Glamping is a more luxurious option for those who prefer more comfort, while still meeting the needs of outdoorsy children. Priced at the same rates as hotels or even higher, these spaces include huge canvas tents and proper beds with quality linens and private baths. Don’t fret, these remote locations will still provide you with panoramic views. Some options in Montana include Bar W Guest Ranch and The Resort at Paws Up.
RVs and Trailers
RVs and trailers are great (albeit more expensive) alternatives to camping in tents. RVs make sleeping in the outdoors feel like home. However, they are difficult to navigate when going on narrow or winding paths. As such, we would recommend that you set up a base with your RV or trailer, and subsequently use the family car or van to explore more difficult areas. Otherwise, this is a great option for snowy or stormy conditions.
Setting Up Camp
You will need equipment for surviving in the outdoors, such as a cooler, collapsible water bottle, and a portable stove. Other useful materials include plastic plates, cups, utensils, towels, roasting forks, plastic bags, a portable clothesline, tablecloth, flashlights, and a storage container. You should bring along two pairs of shoes as well– one waterproof and one for night use.
Safety and First Aid
Here are a few essentials for your kids: First Aid kits, earplugs, hydrocortisone cream for bug bites, acetaminophen, pediatric antihistamines for allergies or stings, and aloe or anaesthetic cream for sunburn or minor burns.
Knowing where the nearest clinic or hospital is would also be crucial.
If you have infants, toddlers or preschoolers, bring along diapers and nighttime pull-ups, as well as extra toilet paper, hand sanitiser and moistened wipes.
Settling Your Meals
To ramp up the fun for your kids, let them be included in planning the meals. Get them involved in picking out snacks like energy bars, or making a custom trail mix. Remember to stock your portable kitchen and pantry with easy meals like oatmeal for fibre and eggs for protein.
Ingredients like peanut butter and jelly sandwiches, cheese sticks, baby carrots, peas and apples are great as they are fuss-free and do not require cooking.

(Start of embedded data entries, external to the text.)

text \<open>The logarithmic variation bound for a nondecreasing partition of [a,b], with an
  explicit constant.  The partition is padded to 2^(n+1) points where 2^n <= N.\<close>
lemma variation_sum_log_bound:
  fixes g :: "real \<Rightarrow> real"
  assumes nu: "superadditive_interval_fun \<nu>"
    and three_point: "\<And>a x b. a \<le> x \<Longrightarrow> x \<le> b \<Longrightarrow>
       \<bar>g x - g a\<bar> + \<bar>g x - g b\<bar> \<le> \<bar>g a - g b\<bar> + \<nu> a b"
    and osc: "\<And>u v. u \<in> {a..b} \<Longrightarrow> v \<in> {a..b} \<Longrightarrow> \<bar>g u - g v\<bar> \<le> D"
    and ends: "xs 0 = a" "xs N = b" and steps: "\<And>j. j < N \<Longrightarrow> xs j \<le> xs (Suc j)"
  shows "variation_sum g xs N \<le> (D + 2 * \<nu> a b) / ln 2 * ln (real N + 1)"
proof (cases "N = 0")
  case True
  then show ?thesis by simp
next
  case False
  define ys where "ys j = xs (min j N)" for j
  have "ys j \<le> ys (Suc j)" for j
    using steps[of j] by (cases "j < N") (auto simp: ys_def)
  then have "mono ys" by (simp add: mono_iff_le_Suc)
  have ys_in: "a \<le> ys j \<and> ys j \<le> b" for j
  proof -
    have "ys 0 \<le> ys j" "ys j \<le> ys (max j N)" using \<open>mono ys\<close> by (auto intro: monoD)
    moreover have "ys 0 = a" "ys (max j N) = b" using ends by (auto simp: ys_def)
    ultimately show ?thesis by simp
  qed
  then have ys_range: "range ys \<subseteq> {a..b}" by auto
  have "a \<le> b" using ys_in[of 0] by linarith
  then have "0 \<le> D" "0 \<le> \<nu> a b" using osc[of a a] superadditive_nonneg[OF nu] by auto
  obtain n where n: "2 ^ n \<le> N" "N < 2 ^ (n + 1)"
    using ex_power_ivl1[of 2 N] False by auto
  define L where "L = log 2 (real N + 1)"
  have "real n = log 2 (2 ^ n)" by simp
  also have "\<dots> \<le> L"
  proof -
    have "real (2 ^ n) \<le> real N" using n(1) by (simp only: of_nat_le_iff)
    moreover have "real (2 ^ n) = (2::real) ^ n" by simp
    ultimately have "(2::real) ^ n \<le> real N + 1" by linarith
    then show ?thesis unfolding L_def by (subst log_le_cancel_iff) auto
  qed
  finally have "real n \<le> L" .
  moreover have "1 \<le> L" unfolding L_def using False by simp
  ultimately have "real (n + 1) * \<nu> a b \<le> (2 * L) * \<nu> a b"
    using \<open>0 \<le> \<nu> a b\<close> by (intro mult_right_mono) auto
  moreover have "D * 1 \<le> D * L" using mult_left_mono[OF \<open>1 \<le> L\<close> \<open>0 \<le> D\<close>] .
  moreover have "variation_sum g xs N \<le> D + real (n + 1) * \<nu> a b"
    using variation_sum_dyadic[OF nu three_point osc \<open>mono ys\<close> ys_range, of "n + 1"]
      variation_sum_pad[of N "2 ^ (n + 1)" g xs] n(2) by (simp add: ys_def[abs_def])
  ultimately have "variation_sum g xs N \<le> (D + 2 * \<nu> a b) * L"
    by (simp add: algebra_simps)
  then show ?thesis by (simp add: L_def log_def)
qed

lemma bounded_oscillation_Icc:
  fixes g :: "real \<Rightarrow> real"
  assumes "continuous_on UNIV g"
  obtains D where "\<And>u v. u \<in> {a..b} \<Longrightarrow> v \<in> {a..b} \<Longrightarrow> \<bar>g u - g v\<bar> \<le> D"
proof -
  have "bounded (g ` {a..b})"
    using compact_continuous_image[OF continuous_on_subset[OF assms] compact_Icc]
    by (simp add: compact_imp_bounded)
  then obtain B where B: "\<forall>u\<in>{a..b}. \<bar>g u\<bar> \<le> B" by (auto simp: bounded_iff)
  have "\<bar>g u - g v\<bar> \<le> 2 * B" if "u \<in> {a..b}" "v \<in> {a..b}" for u v
    using B that by (smt (verit))
  then show ?thesis by (rule that)
qed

Marshmallows, chocolate, graham crackers and other campfire snacks would be the perfect end to the night for your kids.
It would be great to bring some materials around the home that keep your kids engaged throughout the day– a ball or Frisbee, buckets and shovels for playing in the sand, a notebook and some coloured pencils for drawing, and small jars for catching fireflies (remember to release them afterwards!)
Other activities for the whole family include hiking, swimming, sightseeing, and watching the sunrise or sunset. Plastic card games (so that they do not get wet in case of rain) and headlamps for night use will go a long way in your camping journey.
Now that you have mastered the basics of camping, why not head down to your local campsite today and give your kids an unforgettable adventure!